Arterial transit time is the time needed for blood to travel from large arteries to capillaries, as estimated from arterial spin-labeling MR imaging. The purpose of this study was to determine ...whether vascular risk factors and cognitive performance are related to regional differences in cerebral arterial transit time in patients with coronary artery disease who are at risk for cognitive decline.
Arterial transit time was estimated from multiple postlabel delay pseudocontinuous arterial spin-labeling images obtained from 29 men with coronary artery disease. Tests of memory, attention, processing speed, and executive function were administered. Principal component analysis was used to create separate models of cognition and vascular risk, which were related to brain regions through voxelwise analyses of arterial transit time maps.
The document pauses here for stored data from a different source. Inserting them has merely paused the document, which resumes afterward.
(* Let $K$ be a field, $\kappa$ an infinite cardinal, and $\mathcal R=(R_\alpha\mid\alpha<\kappa)$ a sequence of $K$-algebras each of which possesses a multiplicative basis. Then $R=R(\kappa,K,\mathcal R)$ has a multiplicative basis. If moreover $R_0$ has a strong multiplicative basis containing a non-zero idempotent, then $R$ has a strong multiplicative basis.
   Context: $R(\kappa,K,\mathcal R)$ denotes the $K$-subalgebra $I\oplus1_P\cdot K$ of $P=\prod_{\alpha<\kappa}R_\alpha$, where $I=\bigoplus_{\alpha<\kappa}R_\alpha$. A $K$-linear basis $B$ of a $K$-algebra is multiplicative if for all $b,b'\in B$ either $bb'=0$ or $bb'\in B$, and strong multiplicative if $bb'\in B$ for all $b,b'\in B$. *)

theory Defs
  imports Complex_Main "HOL-Library.Function_Algebras"
begin

definition kalgebra :: "('k::field \<Rightarrow> 'a::ab_group_add \<Rightarrow> 'a) \<Rightarrow> 'a set
     \<Rightarrow> ('a \<Rightarrow> 'a \<Rightarrow> 'a) \<Rightarrow> 'a \<Rightarrow> bool" where
  "kalgebra scale W m u \<longleftrightarrow>
     module.subspace scale W \<and> u \<in> W \<and>
     (\<forall>x\<in>W. \<forall>y\<in>W. m x y \<in> W) \<and>
     (\<forall>x\<in>W. \<forall>y\<in>W. \<forall>z\<in>W. m (m x y) z = m x (m y z)) \<and>
     (\<forall>x\<in>W. \<forall>y\<in>W. \<forall>z\<in>W. m (x + y) z = m x z + m y z \<and> m x (y + z) = m x y + m x z) \<and>
     (\<forall>c. \<forall>x\<in>W. \<forall>y\<in>W. m (scale c x) y = scale c (m x y) \<and> m x (scale c y) = scale c (m x y)) \<and>
     (\<forall>x\<in>W. m u x = x \<and> m x u = x)"

definition lin_basis :: "('k::field \<Rightarrow> 'a::ab_group_add \<Rightarrow> 'a) \<Rightarrow> 'a set \<Rightarrow> 'a set \<Rightarrow> bool" where
  "lin_basis scale W B \<longleftrightarrow> B \<subseteq> W \<and> \<not> module.dependent scale B \<and> module.span scale B = W"

definition mult_basis :: "('k::field \<Rightarrow> 'a::ab_group_add \<Rightarrow> 'a) \<Rightarrow> 'a set
     \<Rightarrow> ('a \<Rightarrow> 'a \<Rightarrow> 'a) \<Rightarrow> 'a set \<Rightarrow> bool" where
  "mult_basis scale W m B \<longleftrightarrow> lin_basis scale W B \<and>
     (\<forall>b\<in>B. \<forall>b'\<in>B. m b b' = 0 \<or> m b b' \<in> B)"

definition strong_mult_basis :: "('k::field \<Rightarrow> 'a::ab_group_add \<Rightarrow> 'a) \<Rightarrow> 'a set
     \<Rightarrow> ('a \<Rightarrow> 'a \<Rightarrow> 'a) \<Rightarrow> 'a set \<Rightarrow> bool" where
  "strong_mult_basis scale W m B \<longleftrightarrow> lin_basis scale W B \<and>
     (\<forall>b\<in>B. \<forall>b'\<in>B. m b b' \<in> B)"

definition fscale :: "('k \<Rightarrow> 'a \<Rightarrow> 'a) \<Rightarrow> 'k \<Rightarrow> ('i \<Rightarrow> 'a) \<Rightarrow> ('i \<Rightarrow> 'a)" where
  "fscale scale c f = (\<lambda>i. scale c (f i))"

definition Pmul :: "('i \<Rightarrow> 'a \<Rightarrow> 'a \<Rightarrow> 'a) \<Rightarrow> ('i \<Rightarrow> 'a) \<Rightarrow> ('i \<Rightarrow> 'a) \<Rightarrow> ('i \<Rightarrow> 'a)" where
  "Pmul m f g = (\<lambda>i. m i (f i) (g i))"

definition Iset :: "('i \<Rightarrow> 'a set) \<Rightarrow> ('i \<Rightarrow> 'a::zero) set" where
  "Iset W = {f. (\<forall>i. f i \<in> W i) \<and> finite {i. f i \<noteq> 0}}"

text \<open>R(kappa,K,R) = I + K 1_P, where 1_P = one (the family of units).\<close>
definition Rset :: "('k \<Rightarrow> 'a \<Rightarrow> 'a) \<Rightarrow> ('i \<Rightarrow> 'a set) \<Rightarrow> ('i \<Rightarrow> 'a)
     \<Rightarrow> ('i \<Rightarrow> 'a::ab_group_add) set" where
  "Rset scale W one = {g + fscale scale c one | g c. g \<in> Iset W}"

end

theory Submission
  imports Defs
begin

(* Write delta i a for the family that is a at i and 0 elsewhere. If B i are multiplicative
   bases of the R i, the elements delta i b (b \<in> B i) form a basis of I that is again
   multiplicative, because the product of delta i b and delta j b' is delta i (b b') or 0.
   Either 1_P lies in I, and then R = I, or adjoining 1_P to a basis of I gives a basis of R;
   as 1_P is a unit, multiplicativity survives.
   For the strong version let B i0 be a strong multiplicative basis containing an idempotent e
   and replace delta i b by delta i b + delta i0 e for i \<noteq> i0. This shears the basis by a vector
   in the span of its delta i0 part, so it is still a basis, and now no product vanishes:
   products involving delta i0 ` B i0 stay there, and the product of two sheared elements is
   delta i (b b') + delta i0 e or, where the old product was 0, delta i0 e.
   Neither the infinitude of the index set nor e \<noteq> 0 is needed. *)

definition delta :: "'i \<Rightarrow> 'a::zero \<Rightarrow> 'i \<Rightarrow> 'a" where
  "delta i a = (\<lambda>j. if j = i then a else 0)"

lemma delta_0 [simp]: "delta i 0 = 0"
  by (auto simp: delta_def)

lemma delta_inject [simp]: "delta i a = delta i b \<longleftrightarrow> a = b"
  by (metis delta_def)

lemma delta_same [simp]: "delta i a i = a"
  by (simp add: delta_def)

lemma delta_other [simp]: "j \<noteq> i \<Longrightarrow> delta i a j = 0"
  by (simp add: delta_def)

lemma sum_fun_apply: "(\<Sum>x\<in>A. f x) j = (\<Sum>x\<in>A. f x j)"
  by (induction A rule: infinite_finite_induct) auto

lemma sum_delta_support:
  assumes "finite {i. g i \<noteq> 0}"
  shows "g = (\<Sum>i | g i \<noteq> 0. delta i (g i))"
  using assms by (auto simp: fun_eq_iff sum_fun_apply delta_def)

lemma delta_in_Iset:
  assumes "a \<in> W i" and "\<And>k. 0 \<in> W k"
  shows "delta i a \<in> Iset W"
proof -
  have "finite {k. delta i a k \<noteq> 0}"
    by (rule finite_subset[of _ "{i}"]) (auto simp: delta_def)
  moreover have "\<forall>k. delta i a k \<in> W k"
    using assms by (simp add: delta_def)
  ultimately show ?thesis
    unfolding Iset_def by blast
qed

context vector_space
begin

lemma lin_basis_insert:
  assumes B: "lin_basis scale U B" and v: "v \<notin> U"
  shows "lin_basis scale {u + scale c v | u c. u \<in> U} (insert v B)"
proof -
  have U: "span B = U" "independent B"
    using B unfolding lin_basis_def by auto
  have "span (insert v B) = {u + scale c v | u c. u \<in> U}"
    unfolding span_insert U(1) by (metis (lifting) add_diff_cancel diff_add_cancel)
  moreover have "independent (insert v B)"
    using U v by (simp add: independent_insert)
  moreover have "insert v B \<subseteq> span (insert v B)"
    by (rule span_superset)
  ultimately show ?thesis
    unfolding lin_basis_def by simp
qed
Principal component analysis identified 2 components of vascular risk: 1) "pressor" (age, systolic blood pressure, and pulse pressure) and 2) "obesity" (body fat percentage and body mass index). Obesity was inversely related to arterial transit time in the posterior cingulate, precuneus, lateral occipital cortices, middle temporal gyrus, and frontal pole (P corrected < .05), whereas pressor was not significant. Cognitive scores were factored into a single component. Poor performance was inversely related to precuneus arterial transit time (P corrected < .05). The average arterial transit time in regions identified by obesity was associated with poorer cognitive function (r(2) = 0.21, t = -2.65, P = .01).
Altered cerebral hemodynamics, notably in nodal structures of the default mode network, may be one way that vascular risk factors impact cognition in patients with coronary artery disease.